A López Obrador se le propuso que cabía la posibilidad de mirar hacia otro lado y mantener a Medina Mora en el cargo. De esa forma, sostiene una de las fuentes, se evitarían suspicacias y se garantizarían, con la amenaza de una investigación en su contra, un voto a favor de forma permanente. El presidente, sin embargo, contestó aprobando la salida inmediata de Medina Mora de la Corte Suprema. El mismo día que presentó su renuncia, Medina Mora, que había decidido dimitir para no afectar a su entorno, según varias de la fuentes consultadas, recibió llamadas de presión del entorno más próximo de López Obrador. Preguntado por este diario también sobre este asunto, Julio Scherer, el consejero jurídico del presidente, no quiso responder.

La Constitución mexicana establece que los miembros de la Corte Suprema solo pueden renunciar por causa “grave”, prueba de que el constituyente quiso dotar de un blindaje especial a los miembros del alto tribunal frente a hipotéticas presiones del Ejecutivo. Medina Mora no especificó en su carta de renuncia cuáles eran sus razones, pese a lo cual, el presidente la aceptó y a continuación el Senado la ratificó, de nuevo, sin atender al mandato constitucional. Si alguien contaba con que la aceleración del ciclo de noticias y la establecida tradición política y periodística mexicana de discutir un asunto solo mientras aparece otro tema que entierra el anterior, acertó plenamente.

Pendiente del resultado final de las investigaciones, el ‘caso Medina Mora’ está efectivamente hoy enterrado en términos políticos. Pero su dimisión da una nueva oportunidad al Gobierno de incrementar su influencia en el poder judicial. El pasado viernes, el presidente dio a conocer la terna que ha propuesto al Senado para cubrir la vacante de Medina Mora. Una mujer sucederá al exministro. López Obrador plantea una elección entre una académica, Ana Laura Magaloni, y dos funcionarias de su propio Gobierno, Margarita Ríos Farjat (directora del SAT, la agencia tributaria) y Diana Álvarez Maury (subsecretaria de Desarrollo Democrático, Participación Social y Asuntos Religiosos).

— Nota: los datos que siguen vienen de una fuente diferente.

lemma sch_pop_corners_upto:
  assumes "k < d"
  shows "sch_pop E r (Suc k) (corners_upto k) = corners_upto k"
proof (cases "corners_upto k" rule: sch_pop.cases[of "(E, r, Suc k, _)", simplified])
  case (1 a b rest)
  then have b: "b \<in> I" "b < a" "{b<..<a} \<inter> I = {}" and a: "a \<in> I" "a \<le> k"
    using corners_upto_consecutive last_corner_spec[of k] by auto
  obtain A where A: "r a = ereal A" "\<bar>A - L a\<bar> \<le> \<delta>" using r_corner a(1) by blast
  obtain B where B: "r b = ereal B" "\<bar>B - L b\<bar> \<le> \<delta>" using r_corner b(1) by blast
  have "\<not> sch_pops E r a b (Suc k)"
  proof (cases "r (Suc k) = \<infinity>")
    case True
    with A B b a show ?thesis using not_sch_pops_if_new_infinite by simp
  next
    case False
    then obtain C where C: "r (Suc k) = ereal C" "L (Suc k) - \<eta> - \<delta> \<le> C"
      using r_lower[of "Suc k"] assms by auto
    have "L a = L b + (real a - real b) * s (Suc b)" "s a = s (Suc b)"
      using L_after_corner[of b a] slope_after_corner[of b a a] a b assms by auto
    then have "(A - B) / (real a - real b) \<le> s a + 2 * \<delta>"
      using A B b by (intro chord_slope_le) (auto simp: abs_le_iff \<delta>_nonneg)
    moreover have "(real (Suc k) - real a) * (s a + gap) \<le> L (Suc k) - L a"
      using L_beyond_corner[of a "Suc k"] a b assms by simp
    then have "s a + gap - (\<eta> + 2 * \<delta>) \<le> (C - A) / (real (Suc k) - real a)"
      using A C a \<delta>_nonneg \<eta>_nonneg by (intro chord_slope_ge) (auto simp: abs_le_iff)
    ultimately show ?thesis
      using sch_pops_real_iff[OF A(1) B(1) C(1)] a b E_le by simp
  qed
  with 1 show ?thesis by simp
qed simp_all
lemma task_outside_stable:
  assumes "Suc M \<le> k" "x \<notin> inv_set \<gamma>h h f \<pi>h"
  shows "pt (Suc k) x = \<pi>h x"
proof -
  have "ph (Suc k) = \<pi>h" using assms(1) by (simp add: ph_stable)
  with task_update_outside[OF task_update_run[of k]] assms show ?thesis
    by (simp add: Sc_stable)
qed

lemma task_limit:
  obtains N \<pi>s where "Suc M \<le> N" "\<And>k. N \<le> k \<Longrightarrow> pt k = \<pi>s"
proof -
  let ?Vh = "safety_value \<gamma>h h f \<pi>h"
  have "\<exists>N\<ge>Suc M. \<forall>n\<ge>N. \<forall>x. 0 \<le> ?Vh x \<longrightarrow> pt n x = pt N x"
  proof (rule task_iteration_stabilises[where U = U and W = ?Vh, OF \<gamma> finite_U])
    show "\<forall>x i. pt n x i \<in> U i" for n using valid_ph_pt by blast
    fix n x assume "Suc M \<le> n" "0 \<le> ?Vh x"
    then show "0 \<le> ?Vh (f x (pt n x))"
      using task_invariant_stable[of "n - 1" x] by (simp add: inv_set_def)
    show "\<exists>os. seq_update (invariant_actions U ?Vh f x)
        (lookahead \<gamma> r f (value_fn \<gamma> r f (pt n)) x) os (pt n x) (pt (Suc n) x)"
      using task_sweep_stable[of n x] \<open>Suc M \<le> n\<close> \<open>0 \<le> ?Vh x\<close> by (auto simp: inv_set_def)
  qed
  then obtain N where N: "Suc M \<le> N" "\<forall>n\<ge>N. \<forall>x. 0 \<le> ?Vh x \<longrightarrow> pt n x = pt N x"
    by (elim exE conjE)
  have "pt k = pt (Suc N)" if "Suc N \<le> k" for k
  proof
    fix x
    show "pt k x = pt (Suc N) x"
    proof (cases "x \<in> inv_set \<gamma>h h f \<pi>h")
      case True
      with N(2)[rule_format, of k x] N(2)[rule_format, of "Suc N" x] that show ?thesis
        by (simp add: inv_set_def)
    next
      case False
      from that obtain k' where "k = Suc k'" "N \<le> k'" by (cases k) auto
      with False N(1) task_outside_stable[of k' x] task_outside_stable[of N x] show ?thesis by simp
    qed
  qed
  moreover have "Suc M \<le> Suc N" using N(1) by simp
  ultimately show thesis using that by blast
qed

end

La de Magaloni ha sido la candidatura más aplaudida por expertos y analistas, pues la consideran la única independiente y con la trayectoria suficiente para dar un impulso de credibilidad a la Corte.

Los senadores deben elegir entre ellas, y conseguir una mayoría calificada para completar el tribunal. Fuentes del Gobierno de México aseguran que, antes de la elección, López Obrador, al menos en privado, expresará su preferencia.

La Corte, con su credibilidad en cuestión, deberá posicionarse en temas fundamentales como el de la Ley Bonilla, como se le conoce a la norma que Jaime Bonilla, gobernador de Baja California, de Morena, instrumentó para ampliar su mandato de dos a cinco años después de unos comicios en los que resultó elegido sólo para esos dos años. En el entorno más próximo al mandatario, y también en el seno de la Corte, varias fuentes aseguran que la decisión será revocada por el máximo organismo judicial.

A la espera de ver si la nueva ministra supone un soplo de aire fresco o resulta un instrumento más de control, la única certeza que parece haber es que se va a seguir purgando el sistema judicial, “una cofradía en la que hasta ahora unos se cubrían con otros”, según la descripción de una de las fuentes. Dos de los consultados aseguran que en las próximas semanas seguirán apareciendo casos de corrupción en la justicia. “No de ministros de la Corte, pero sí de jueces y magistrados”, señala una de las fuentes. En el entorno del presidente, celebran: “Se está moviendo esta chingadera cabrón”.